To address these concerns, I believe we need to keep regulating how data is processed, something that we kinda care about in Europe. Of course regulation should not choke the usage of data, but rather promote responsible use. And this includes also the end user, who should be aware what data is being collected and how it’s being used. Anonymization, when possible, and transparency of usage can strengthen the trust of the users towards service providers. Ultimately, I think it’s a matter of control over the data. You (company) give me (user) choice over which data I share, for what, for how long and so on. Another option is some type of retribution, few companies already provide a fair value in exchange for user data and that is a very fine alternative to what was being done just a few years ago, before GDPR.
Ultimately, it’s not about using or not using this technology, but how we handle the data. We need to find a balance between leveraging the benefits of this technology and protecting individual privacy and wellbeing. It’s a complex issue, but one we need to address as these technologies become more prevalent.
How do you think BCI technology will impact user privacy and data security? What measures should be in place to protect users’ neurological data?
I believe BCI technology will have a significant impact on user privacy and data security, similar to what we’ve seen with social networks. There’s an increasing interest in emotion recognition, which could lead to more targeted advertising and propaganda, especially in XR environments. This is concerning because neurological data is extremely sensitive and personal.

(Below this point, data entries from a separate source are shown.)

lemma sumP_epi_preimage_submodule:
  fixes F :: "nat \<Rightarrow> (nat \<times> (int \<Rightarrow> int) \<Rightarrow> 'k::ring_1) \<Rightarrow> 'm"
  assumes M: "FSBop_module C add z sc act" and F: "sumP_epi xs F C add sc act"
    and N: "FSBop_submodule C add z sc act N"
  shows "sumP_submodule xs (\<lambda>y. {c \<in> sumP xs y. F y c \<in> N y})"
proof
  fix y
  have "F y (\<lambda>_. 0) = sc y 0 (F y (\<lambda>_. 0))"
    using sumP_epiD(3)[OF F sumP_zero, of y 0] by simp
  also have "\<dots> = z y"
    using M sumP_epiD(1)[OF F sumP_zero] unfolding FSBop_module_def by (blast intro: left_module_scale_zero)
  finally show "(\<lambda>_. 0) \<in> {c \<in> sumP xs y. F y c \<in> N y}"
    using N sumP_zero by (simp add: FSBop_submodule_def)
  show "{c \<in> sumP xs y. F y c \<in> N y} \<subseteq> sumP xs y" by blast
  fix c
  assume "c \<in> {c \<in> sumP xs y. F y c \<in> N y}"
  then have c: "c \<in> sumP xs y" "F y c \<in> N y" by simp_all
  have N_scale: "sc y a x \<in> N y" and N_add: "x \<in> N y \<Longrightarrow> x' \<in> N y \<Longrightarrow> add y x x' \<in> N y"
    and N_act: "\<psi> \<in> FSB_hom y' y \<Longrightarrow> act y' y \<psi> x \<in> N y'"
    if "x \<in> N y" for a x x' \<psi> y'
    using N that unfolding FSBop_submodule_def by blast+
  show "(\<lambda>p. a * c p) \<in> {c \<in> sumP xs y. F y c \<in> N y}" for a
    using c sumP_scale N_scale sumP_epiD(3)[OF F c(1)] by simp
  show "(\<lambda>p. c p + d p) \<in> {c \<in> sumP xs y. F y c \<in> N y}" if "d \<in> {c \<in> sumP xs y. F y c \<in> N y}" for d
    using c that sumP_add N_add sumP_epiD(2)[OF F c(1)] by auto
  show "sumP_act xs y' y \<psi> c \<in> {c \<in> sumP xs y'. F y' c \<in> N y'}" if "\<psi> \<in> FSB_hom y' y" for \<psi> y'
    using c that sumP_act_in_sumP N_act sumP_epiD(4)[OF F that c(1)] by simp
qed

lemma sumP_epi_comp_lift:
  assumes F: "sumP_epi xs F C add sc act"
    and image: "\<And>y. F y ` sumP_lift xs gens y ` sumP (map fst gens) y = N y"
  shows "sumP_epi (map fst gens) (\<lambda>y c. F y (sumP_lift xs gens y c)) N add sc act"
  unfolding sumP_epi_def
proof (intro conjI allI ballI)
  fix y y' :: nat and a c d \<psi>
  let ?lift = "sumP_lift xs gens"
  note lift = sumP_lift_in_sumP[of xs gens]
  show "F y (?lift y c) \<in> N y" if "c \<in> sumP (map fst gens) y" using image that by blast
  show "F y (?lift y (\<lambda>p. c p + d p)) = add y (F y (?lift y c)) (F y (?lift y d))"
    using sumP_epiD(2)[OF F lift lift] by (simp add: sumP_lift_add)
  show "F y (?lift y (\<lambda>p. a * c p)) = sc y a (F y (?lift y c))"
    using sumP_epiD(3)[OF F lift] by (simp add: sumP_lift_scale)
  show "F y' (?lift y' (sumP_act (map fst gens) y' y \<psi> c)) = act y' y \<psi> (F y (?lift y c))"
    if "\<psi> \<in> FSB_hom y' y"
    using sumP_epiD(4)[OF F that lift] by (simp add: sumP_lift_natural[OF that])
  show "(\<lambda>c. F y (?lift y c)) ` sumP (map fst gens) y = N y"
    using image by (simp add: image_image)
qed

theorem mainTheorem1:
  fixes C N :: "nat \<Rightarrow> 'm set"
    and add :: "nat \<Rightarrow> 'm \<Rightarrow> 'm \<Rightarrow> 'm"
    and z :: "nat \<Rightarrow> 'm"
    and sc :: "nat \<Rightarrow> 'k::ring_1 \<Rightarrow> 'm \<Rightarrow> 'm"
    and act :: "nat \<Rightarrow> nat \<Rightarrow> (int \<Rightarrow> int) \<Rightarrow> 'm \<Rightarrow> 'm"
  assumes "left_noetherian TYPE('k)"
    and "FSBop_module C add z sc act"
    and "FSBop_fg C add z sc act"
    and "FSBop_submodule C add z sc act N"
  shows "FSBop_fg N add z sc act"
proof -
  obtain xs F where F: "sumP_epi xs F C add sc act" using assms(3) by (auto simp: FSBop_fg_iff)
  define Q where "Q y = {c \<in> sumP xs y. F y c \<in> N y}" for y
  interpret sumP_submodule xs Q
    unfolding Q_def by (rule sumP_epi_preimage_submodule[OF assms(2) F assms(4)])
  obtain gens where gens: "\<And>y. sumP_lift xs gens y ` sumP (map fst gens) y = Q y"
    using finitely_generated[OF assms(1)] by blast
  have "F y ` Q y = N y" for y
  proof -
    have "N y \<subseteq> F y ` sumP xs y" using sumP_epiD(5)[OF F] assms(4) by (simp add: FSBop_submodule_def)
    then show ?thesis unfolding Q_def by blast
  qed
  then have "sumP_epi (map fst gens) (\<lambda>y c. F y (sumP_lift xs gens y c)) N add sc act"
    using sumP_epi_comp_lift[OF F] gens by simp
  then show ?thesis by (auto simp: FSBop_fg_iff)
qed

end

Given our experiences over the past 15 years with social media and big data collection, we should have learned about the risks and what’s acceptable. I think we need to go beyond just having users sign an informed consent form once and then never reminding them again. Users should know in real-time when their data is being collected and analyzed.
For neurological data, I believe we need more granular and continuous control. Let me give you an example: Imagine having an implanted neural device that you can’t easily remove. It’s not like a wearable that you can just take off. In this scenario, it’s crucial to always make users aware when data is being collected. As I see it, they should be requested to explicitly consent for each collected session or automatically opt-out if ignored.
Let’s imagine this interaction with an example: A real-time notification arrives, informing the user that there might be a data collection in the coming hours. In this imaginary granular control system, the user decides. For instance, they might want to share data when they’re awake but not when they’re sleeping.
Some measures I think should be put in place to protect users’ neurological data include:
Real-time notifications of data collection
- Granular control over what data is shared and when
- Option to opt-out of data collection at any time
- Transparent explanations of how data will be used
- Strict data anonymization protocols
- Regular audits of data usage and security measures
Some may argue that users will never willingly concede data. As I explained earlier, the technology is mature enough for a mutual exchange between companies and people. It shouldn’t be invasive, and users shouldn’t be expected to give everything. Instead, there should be a fair system where users have control over their data and can choose to share it in exchange for rewards or benefits.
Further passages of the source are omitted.